* Problem details
Locate all lines in the data below that hold "with" and show them.

Stored items:
(* There is an absolute constant $c>0$ such that the following holds. Let $y\ge2$ and let $n$ be a squarefree integer with $P^+(n)\ge y$; write $n=ab$ with $a=n_y$ and $b=n/n_y$. Then $$\Delta(n)\ge c\,\frac{\tau(a)}{\log(ay)}\,D_y(b).$$
   Context: $\tau(n)$ is the number of divisors; $P^+(n)$ the largest prime factor of $n$ ($P^+(1)=1$); $n_y:=\prod_{p\mid n,\,p<y}p$. $\Delta(n):=\max_{u\in\mathbb R}|\{d\mid n: e^u<d\le e^{u+1}\}|$. For $n\ge1$ and real $\vartheta$, $\tau(n,\vartheta):=\sum_{d\mid n}d^{i\vartheta}$, and $$D_y(b):=\int_0^1\frac{|\tau(b,\vartheta/\log y)|^2}{\tau(b)}\,d\vartheta.$$ *)

theory Defs
  imports "HOL-Analysis.Analysis" "HOL-Computational_Algebra.Squarefree"
begin

definition ndiv :: "nat \<Rightarrow> nat" where
  "ndiv n = card {d. d dvd n}"

definition Pplus :: "nat \<Rightarrow> nat" where
  "Pplus n = (if prime_factors n = {} then 1 else Max (prime_factors n))"

definition nsmooth :: "nat \<Rightarrow> real \<Rightarrow> nat" where
  "nsmooth n y = (\<Prod>p\<in>{p. prime p \<and> p dvd n \<and> real p < y}. p)"

text \<open>Hooley's Delta function (the max over u is attained: values lie in a finite set).\<close>
definition hooley_Delta :: "nat \<Rightarrow> nat" where
  "hooley_Delta n = Max (range (\<lambda>u::real. card {d. d dvd n \<and> exp u < real d \<and> real d \<le> exp (u + 1)}))"

definition tau_twist :: "nat \<Rightarrow> real \<Rightarrow> complex" where
  "tau_twist n \<theta> = (\<Sum>d\<in>{d. d dvd n}. (of_nat d :: complex) powr (\<i> * of_real \<theta>))"

definition D_y :: "real \<Rightarrow> nat \<Rightarrow> real" where
  "D_y y b = integral {0..1} (\<lambda>\<theta>. (cmod (tau_twist b (\<theta> / ln y)))\<^sup>2 / real (ndiv b))"

end

theory Submission imports Defs begin

text \<open>
Write \<open>L = log y\<close>. Expanding the square, \<open>\<tau>(b) D_y(b)\<close> is a double sum over divisors
\<open>d, e\<close> of \<open>b\<close> of \<open>\<integral>\<^sub>0\<^sup>1 cos (t log(d/e)/L) dt\<close>; damping with the Fejer weight \<open>1 - t/2\<close> on
\<open>[0, 2]\<close> bounds each term by twice \<open>K(log(d/e)/L)\<close> with \<open>K(s) = (sin s / s)\<^sup>2 \<le> min(1, s\<^sup>-\<^sup>2)\<close>.
For fixed \<open>d\<close>, the divisors \<open>e\<close> with \<open>|log(d/e)| \<in> [kL, (k+1)L]\<close> lie in two intervals of
length \<open>L\<close>; multiplying them by all divisors of the coprime \<open>a\<close> gives \<open>\<tau>(a)\<close> times as many
distinct divisors of \<open>n\<close> in intervals of length \<open>L + log a\<close>, and there are at most
\<open>(L + log a + 2) \<Delta>(n)\<close> of those. Summing \<open>min(1, k\<^sup>-\<^sup>2)\<close> over \<open>k\<close> finishes the proof.
\<close>

lemma tau_twist_eq_sum_cis:
  assumes "n > 0"
  shows "tau_twist n t = (\<Sum>d | d dvd n. cis (t * ln (real d)))"
  unfolding tau_twist_def
proof (rule sum.cong[OF refl])
  fix d assume "d \<in> {d. d dvd n}"
  then have d: "d > 0" using assms by (auto intro: Nat.gr0I)
  have "(of_nat d :: complex) powr (\<i> * of_real t) = exp ((\<i> * of_real t) * of_real (ln (real d)))"
    using d by (simp add: powr_def Ln_of_real)
  also have "\<dots> = cis (t * ln (real d))" by (simp add: cis_conv_exp mult.assoc)
  finally show "(of_nat d :: complex) powr (\<i> * of_real t) = cis (t * ln (real d))" .
qed

lemma norm_sum_cis_squared:
  fixes f :: "'a \<Rightarrow> real"
  shows "(cmod (\<Sum>d\<in>S. cis (f d)))\<^sup>2 = (\<Sum>d\<in>S. \<Sum>e\<in>S. cos (f d - f e))"
proof -
  have "complex_of_real ((cmod (\<Sum>d\<in>S. cis (f d)))\<^sup>2) = (\<Sum>d\<in>S. cis (f d)) * cnj (\<Sum>d\<in>S. cis (f d))"
    by (rule complex_norm_square)
  also have "\<dots> = (\<Sum>d\<in>S. \<Sum>e\<in>S. cis (f d - f e))"
    by (simp add: sum_product cis_cnj cis_mult)
  finally have "(cmod (\<Sum>d\<in>S. cis (f d)))\<^sup>2 = Re (\<Sum>d\<in>S. \<Sum>e\<in>S. cis (f d - f e))"
    by (metis Re_complex_of_real)
  also have "\<dots> = (\<Sum>d\<in>S. \<Sum>e\<in>S. cos (f d - f e))" by (simp add: Re_sum)
  finally show ?thesis .
qed

definition sinc_sq :: "real \<Rightarrow> real" where
  "sinc_sq s = (if s = 0 then 1 else (sin s / s)\<^sup>2)"

lemma sinc_sq_le_1: "sinc_sq s \<le> 1"
proof (cases "s = 0")
  case False
  have "(sin s)\<^sup>2 \<le> s\<^sup>2"
    using abs_sin_x_le_abs_x[of s] by (metis abs_ge_zero power2_abs power_mono)
  then show ?thesis using False by (simp add: sinc_sq_def power_divide)
qed (simp add: sinc_sq_def)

* Task solution
(* There is an absolute constant $c>0$ such that the following holds. Let $y\ge2$ and let $n$ be a squarefree integer with $P^+(n)\ge y$; write $n=ab$ with $a=n_y$ and $b=n/n_y$. Then $$\Delta(n)\ge c\,\frac{\tau(a)}{\log(ay)}\,D_y(b).$$
\<open>d, e\<close> of \<open>b\<close> of \<open>\<integral>\<^sub>0\<^sup>1 cos (t log(d/e)/L) dt\<close>; damping with the Fejer weight \<open>1 - t/2\<close> on
\<open>[0, 2]\<close> bounds each term by twice \<open>K(log(d/e)/L)\<close> with \<open>K(s) = (sin s / s)\<^sup>2 \<le> min(1, s\<^sup>-\<^sup>2)\<close>.
For fixed \<open>d\<close>, the divisors \<open>e\<close> with \<open>|log(d/e)| \<in> [kL, (k+1)L]\<close> lie in two intervals of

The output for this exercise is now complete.